What is visitor use management?
The Lake Louise Area Visitor Use Management Plan will provide a variety of tools and tactics to manage visitor use in the Lake Louise area in a way that protects nature and history, is safe for visitors and staff alike, and provides a positive experience when visiting.
In this phase, Parks Canada is identifying potential strategies and actions to help achieve desired conditions previously developed with staff, stakeholder and visitor input. The strategies and actions being considered could apply in a variety of ways and in different locations within the Lake Louise area.

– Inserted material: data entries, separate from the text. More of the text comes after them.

lemma set_take_card_eq:
  assumes srt: "sorted xs" and d: "distinct xs" and S: "S \<subseteq> set xs"
    and dc: "\<forall>a\<in>S. \<forall>x\<in>set xs - S. a < (x :: 'a :: linorder)"
  shows "set (take (card S) xs) = S"
proof -
  have finS: "finite S" using S by (rule finite_subset) simp
  have sub: "S \<subseteq> set (take (card S) xs)"
  proof
    fix a assume a: "a \<in> S"
    then have "a \<in> set xs" using S by blast
    then obtain i where i: "i < length xs" "xs ! i = a" by (metis in_set_conv_nth)
    show "a \<in> set (take (card S) xs)"
    proof (rule ccontr)
      assume "a \<notin> set (take (card S) xs)"
      then have ci: "card S \<le> i" using nth_mem_set_take_iff[OF d i(1)] i(2) by simp
      have "set (take (Suc i) xs) \<subseteq> S"
      proof
        fix x assume "x \<in> set (take (Suc i) xs)"
        then obtain i' where i': "i' < Suc i" "i' < length xs" "x = xs ! i'"
          by (auto simp: in_set_conv_nth)
        then have xa: "x \<le> a" using sorted_nth_mono[OF srt, of i' i] i by simp
        have xs: "x \<in> set xs" using i' by simp
        show "x \<in> S"
        proof (rule ccontr)
          assume "x \<notin> S"
          then have "a < x" using dc a xs by blast
          then show False using xa by simp
        qed
      qed
      then have "card (set (take (Suc i) xs)) \<le> card S" using finS by (rule card_mono[rotated])
      moreover have "card (set (take (Suc i) xs)) = Suc i" using card_set_take[OF d] i by simp
      ultimately show False using ci by simp
    qed
  qed
  moreover have "card (set (take (card S) xs)) \<le> card S"
    using card_set_take[OF d] by simp
  then show ?thesis using card_seteq[OF List.finite_set sub] by simp
qed


section \<open>Dissections of a convex polygon\<close>

lemma mem_diagonals_iff: "(a, b) \<in> diagonals m \<longleftrightarrow> a + 2 \<le> b \<and> b < m \<and> \<not> (a = 0 \<and> b + 1 = m)"
  unfolding diagonals_def by auto

lemma crossing_iff:
  "crossing (a, b) (c, e) \<longleftrightarrow> (a < c \<and> c < b \<and> b < e) \<or> (c < a \<and> a < e \<and> e < b)"
  unfolding crossing_def by simp

lemma finite_diagonals: "finite (diagonals m)"
  by (rule finite_subset[of _ "{..<m} \<times> {..<m}"]) (auto simp: diagonals_def)

definition is_dissection :: "nat \<Rightarrow> (nat \<times> nat) set \<Rightarrow> bool" where
  "is_dissection m D \<longleftrightarrow> D \<subseteq> diagonals m \<and> (\<forall>d\<in>D. \<forall>e\<in>D. \<not> crossing d e)"

lemma mem_dissections_iff: "D \<in> dissections m k \<longleftrightarrow> is_dissection m D \<and> card D + 1 = k"
  unfolding dissections_def is_dissection_def by simp

lemma finite_dissections: "finite (dissections m k)"
  by (rule finite_subset[of _ "Pow (diagonals m)"]) (auto simp: dissections_def finite_diagonals)

lemma snd_less_if_mem_diagonals: "d \<in> diagonals m \<Longrightarrow> snd d < m"
  by (cases d) (simp add: mem_diagonals_iff)
theorem mainTheorem4:
  fixes M :: "'a measure"
    and J0 :: "'a \<Rightarrow> nat" and T :: "nat \<Rightarrow> 'a \<Rightarrow> real" and B :: "nat \<Rightarrow> 'a \<Rightarrow> bool"
    and lam c p t :: real
  assumes "prob_space M"
    and "lam > 0" and "c > 0" and "0 < p" and "p < 1"
    and "(\<lambda>\<omega>. (J0 \<omega>, \<lambda>k. (T k \<omega>, B k \<omega>))) \<in> M \<rightarrow>\<^sub>M input_space"
    and "distr M input_space (\<lambda>\<omega>. (J0 \<omega>, \<lambda>k. (T k \<omega>, B k \<omega>))) = input_law lam p"
    and "t > 0"
  shows "measure M {\<omega> \<in> space M.
            fst (position c (J0 \<omega>) (\<lambda>k. T k \<omega>) (\<lambda>k. B k \<omega>) t)
          + snd (position c (J0 \<omega>) (\<lambda>k. T k \<omega>) (\<lambda>k. B k \<omega>) t) = c * t}
         = 1 / 2 * exp (- lam * t * (1 - p))"
proof -
  let ?input = "\<lambda>\<omega>. (J0 \<omega>, \<lambda>k. (T k \<omega>, B k \<omega>))"
  have "{\<omega> \<in> space M. fst (position c (J0 \<omega>) (\<lambda>k. T k \<omega>) (\<lambda>k. B k \<omega>) t)
          + snd (position c (J0 \<omega>) (\<lambda>k. T k \<omega>) (\<lambda>k. B k \<omega>) t) = c * t}
      = ?input -` diagonal_event c t \<inter> space M"
    by (auto simp: diagonal_event_def)
  also have "measure M \<dots> = measure (distr M input_space ?input) (diagonal_event c t)"
    using measure_distr[OF assms(6) diagonal_event_sets] by simp
  also have "\<dots> = 1 / 2 * exp (- lam * t * (1 - p))"
    using assms by (simp add: measure_input_law_diagonal_event)
  finally show ?thesis .
qed

end
lemma MA_le_thin_section:
  fixes u :: "real ^ 'n \<Rightarrow> real" and K :: "'n set" and \<Lambda> \<epsilon> h :: real
  assumes K: "CARD('n) \<le> 2 * card K"
    and MA: "MA_le u B \<Lambda>" and u: "convex_on B u" "open B"
    and S: "compact (affine_sublevel u B b k)"
    and zs: "zs \<in> B" "u zs + h = b \<bullet> zs + k" "0 < h" and \<epsilon>: "0 < \<epsilon>"
    and thin: "\<And>w i. w \<in> affine_sublevel u B b k \<Longrightarrow>
      \<bar>w $ i - zs $ i\<bar> \<le> 2 * (if i \<in> K then min \<epsilon> h else \<epsilon>)"
  shows "1 \<le> \<Lambda> * (4 * real CARD('n) * \<epsilon>) ^ CARD('n)"
proof -
  let ?n = "CARD('n)"
  define x where "x i = (if i \<in> K then min \<epsilon> h else \<epsilon>)" for i
  have x_pos: "0 < x i" for i using zs(3) \<epsilon> by (simp add: x_def)
  have vol: "(\<Prod>i\<in>UNIV. h / (?n * (2 * x i))) \<le> \<Lambda> * (\<Prod>i\<in>UNIV. 2 * x i)"
    using MA_le_section_box_volume[OF MA u S zs, of "\<lambda>i. 2 * x i"] x_pos thin by (simp add: x_def)
  have "(h / ?n) ^ ?n = (\<Prod>i\<in>UNIV. h / (?n * (2 * x i))) * (\<Prod>i\<in>UNIV. 2 * x i)"
    using x_pos by (simp add: prod.distrib[symmetric] less_imp_neq[symmetric])
  also have "\<dots> \<le> \<Lambda> * (\<Prod>i\<in>UNIV. 2 * x i) * (\<Prod>i\<in>UNIV. 2 * x i)"
    using x_pos by (intro mult_right_mono[OF vol] prod_nonneg) (simp add: less_imp_le)
  also have "\<dots> = \<Lambda> * (\<Prod>i\<in>UNIV. 2 * x i) ^ 2"
    by (simp add: power2_eq_square)
  finally have sq: "(h / ?n) ^ ?n \<le> \<Lambda> * (\<Prod>i\<in>UNIV. 2 * x i) ^ 2" .
  have "0 < (h / ?n) ^ ?n" using zs(3) by simp
  then have "0 < \<Lambda>" using sq by (smt (verit) mult_nonpos_nonneg zero_le_power2)
  have "((2::real) ^ ?n) ^ 2 = 4 ^ ?n"
    by (simp add: power2_eq_square flip: power_mult_distrib)
  then have "(\<Prod>i\<in>UNIV. 2 * x i) ^ 2 = 4 ^ ?n * (\<Prod>i\<in>UNIV. x i) ^ 2"
    by (simp add: prod.distrib power_mult_distrib)
  also have "\<dots> \<le> 4 ^ ?n * (\<epsilon> * h) ^ ?n"
    using prod_thin_box_le[of UNIV K "min \<epsilon> h" \<epsilon> h] K \<epsilon> zs(3) unfolding x_def by simp
  also have "\<dots> = (4 * real ?n * \<epsilon>) ^ ?n * (h / ?n) ^ ?n"
  proof -
    have "4 * (\<epsilon> * h) = (4 * real ?n * \<epsilon>) * (h / ?n)" by simp
    then show ?thesis by (metis power_mult_distrib)
  qed
  finally have "1 * (h / ?n) ^ ?n \<le> (\<Lambda> * (4 * real ?n * \<epsilon>) ^ ?n) * (h / ?n) ^ ?n"
    using sq \<open>0 < \<Lambda>\<close> by (simp add: mult.assoc order_trans)
  then show ?thesis
    using \<open>0 < (h / ?n) ^ ?n\<close> by (simp only: mult_le_cancel_right)
qed

lemma MA_bound_at_extreme_point_of_zero_set:
  fixes u :: "real ^ 'n \<Rightarrow> real" and K :: "'n set" and \<Lambda> \<epsilon> :: real
  assumes K: "CARD('n) \<le> 2 * card K"
    and u: "convex_on (ball 0 1) u" "MA_le u (ball 0 1) \<Lambda>"
      "\<And>z. z \<in> ball 0 1 \<Longrightarrow> norm (ypart K z) \<le> u z"
    and z0: "z0 extreme_point_of {z \<in> ball 0 1. u z = 0}"
    and \<epsilon>: "0 < \<epsilon>" "cball z0 \<epsilon> \<subseteq> ball 0 1"
  shows "1 \<le> \<Lambda> * (4 * real CARD('n) * \<epsilon>) ^ CARD('n)"
proof -
  let ?B = "ball (0::real ^ 'n) 1"
  have y_le_u: "\<bar>w $ i\<bar> \<le> u w" if "w \<in> ?B" "i \<in> K" for w i
    using component_le_norm_cart[of "ypart K w" i] u(3)[OF that(1)] that(2)
    by (simp add: ypart_def)
  have u_nonneg: "0 \<le> u w" if "w \<in> ?B" for w
    using u(3)[OF that] norm_ge_zero order_trans by blast
  obtain b k zs where S_ball: "affine_sublevel u ?B b k \<subseteq> ball z0 \<epsilon>"
    and zs: "zs \<in> ?B" "u zs = 0" "0 < b \<bullet> zs + k"
    and S_le: "\<And>w. w \<in> affine_sublevel u ?B b k \<Longrightarrow> u w \<le> 2 * (b \<bullet> zs + k)"
    using small_section_touching_zero_set[OF u(1) open_ball u_nonneg z0 \<epsilon>] by blast
  let ?S = "affine_sublevel u ?B b k" and ?h = "b \<bullet> zs + k"
  have "compact ?S"
    using compact_affine_sublevel[OF convex_on_continuous[OF open_ball u(1)] \<epsilon>(2)]
      S_ball ball_subset_cball by blast
  have "zs \<in> ?S" using zs by (simp add: affine_sublevel_def)
  have S_thin: "\<bar>w $ i - zs $ i\<bar> \<le> 2 * (if i \<in> K then min \<epsilon> ?h else \<epsilon>)" if "w \<in> ?S" for w i
  proof -
    have "\<bar>w $ i - zs $ i\<bar> \<le> dist w zs"
      using component_le_norm_cart[of "w - zs" i] by (simp add: dist_norm)
    also have "\<dots> \<le> dist z0 w + dist z0 zs" by (rule dist_triangle3)
    also have "\<dots> < 2 * \<epsilon>"
      using subsetD[OF S_ball that] subsetD[OF S_ball \<open>zs \<in> ?S\<close>] by simp
    finally have "\<bar>w $ i - zs $ i\<bar> \<le> 2 * \<epsilon>" by simp
    moreover have "\<bar>w $ i - zs $ i\<bar> \<le> 2 * ?h" if "i \<in> K"
    proof -
      have "zs $ i = 0" using y_le_u[OF zs(1) that] zs(2) by simp
      then show ?thesis
        using y_le_u[of w i] S_le[OF \<open>w \<in> ?S\<close>] that \<open>w \<in> ?S\<close>
        by (force simp: affine_sublevel_def)
    qed
    ultimately show ?thesis by (auto simp: min_def)
  qed
  show ?thesis
    using MA_le_thin_section[OF K u(2,1) open_ball \<open>compact ?S\<close> zs(1) _ zs(3) \<epsilon>(1) S_thin] zs(2)
    by simp
qed

theorem proposition2p4:
  fixes u :: "real ^ 'n \<Rightarrow> real" and K :: "'n set" and \<Lambda> :: real
  assumes "CARD('n) \<ge> 2"
    and "K \<noteq> {}"
    and "2 * card K \<ge> CARD('n)"
    and "convex_on (ball 0 1) u"
    and "MA_le u (ball 0 1) \<Lambda>"
    and "u 0 = 0"
    and "\<And>z. z \<in> ball 0 1 \<Longrightarrow> u z \<ge> norm (ypart K z)"
  shows "\<not> (\<exists>z. z extreme_point_of {z \<in> ball 0 1. u z = 0} \<and> (\<forall>i\<in>K. z $ i = 0))"
proof
  assume "\<exists>z. z extreme_point_of {z \<in> ball 0 1. u z = 0} \<and> (\<forall>i\<in>K. z $ i = 0)"
  then obtain z0 where z0: "z0 extreme_point_of {z \<in> ball 0 1. u z = 0}" by blast
  then have "norm z0 < 1" by (simp add: extreme_point_of_def)
  define f where "f \<epsilon> = \<Lambda> * (4 * real CARD('n) * \<epsilon>) ^ CARD('n)" for \<epsilon> :: real
  have "(f \<longlongrightarrow> 0) (at_right 0)"
    unfolding f_def by (auto intro!: tendsto_eq_intros)
  then have "\<forall>\<^sub>F \<epsilon> in at_right 0. f \<epsilon> < 1"
    by (rule order_tendstoD) simp
  moreover have "\<forall>\<^sub>F \<epsilon> in at_right 0. \<epsilon> \<in> {0<..<1 - norm z0}"
    using \<open>norm z0 < 1\<close> by (intro eventually_at_right_real) simp
  ultimately have "\<forall>\<^sub>F \<epsilon> in at_right 0. f \<epsilon> < 1 \<and> \<epsilon> \<in> {0<..<1 - norm z0}"
    by (rule eventually_conj)
  then obtain \<epsilon> where \<epsilon>: "f \<epsilon> < 1" "0 < \<epsilon>" "\<epsilon> < 1 - norm z0"
    using eventually_happens'[OF trivial_limit_at_right_real] by auto
  then have "cball z0 \<epsilon> \<subseteq> ball 0 1" by (simp add: cball_subset_ball_iff dist_norm)
  then have "1 \<le> f \<epsilon>"
    unfolding f_def
    using MA_bound_at_extreme_point_of_zero_set[OF assms(3,4,5) _ z0 \<epsilon>(2)] assms(7) by blast
  then show False using \<epsilon>(1) by simp
qed

end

Parks Canada’s visitor use management work is guided by an internationally recognized framework used by protected areas around the world. It is also guided by the Parks Canada mandate, the 2022 Banff National Park Management Plan, and by a set of core principles shaped by feedback we received during previous engagement. Among these principles are:
- ecological integrity and quality visitor experience
- accessibility and affordability
- collaboration with partners to support regional integration
- data-driven adaptive management
- fairness and transparency to maintain market competitiveness and support multiple business models
- and environmental and financial sustainability
How to participate
Parks Canada is inviting your feedback on some of the draft strategies and actions to manage growing visitation in the Lake Louise area. Your input will help guide management decisions over the next 5-7 years.
- View the project area map and a complete list of proposed strategies and actions.
- Need more information? Find additional resources and data on the Parks Canada website.
- Complete one or all of the three surveys below before March 9, 2026 (10-20 minutes each).
Share your feedback on proposed strategies and actions for:
- Entire Lake Louise Area (general strategies applying to all locations)
- Upper Lake Louise (lakeshore)
- Moraine Lake and Paradise Valley
Privacy
Parks Canada takes the protection of privacy seriously. Information collected in these surveys will be stored on servers located within Canada. Please do not provide personal or third-party information (e.g. names, contact details, or information about other people) in your responses.
Your survey responses are being collected for the purposes of engagement and data analysis for Parks Canada's Lake Louise Area Visitor Use Management Planning Project. This collection of personal information is authorized under the Privacy Act.
You do not need to log in to complete the surveys.
Get informed
- Visit the Lake Louise Visitor Use Management Plan website: Find visitor and vehicle statistics, current challenges, actions Parks Canada can and cannot propose, and a timeline of actions Parks Canada has taken to manage congestion so far.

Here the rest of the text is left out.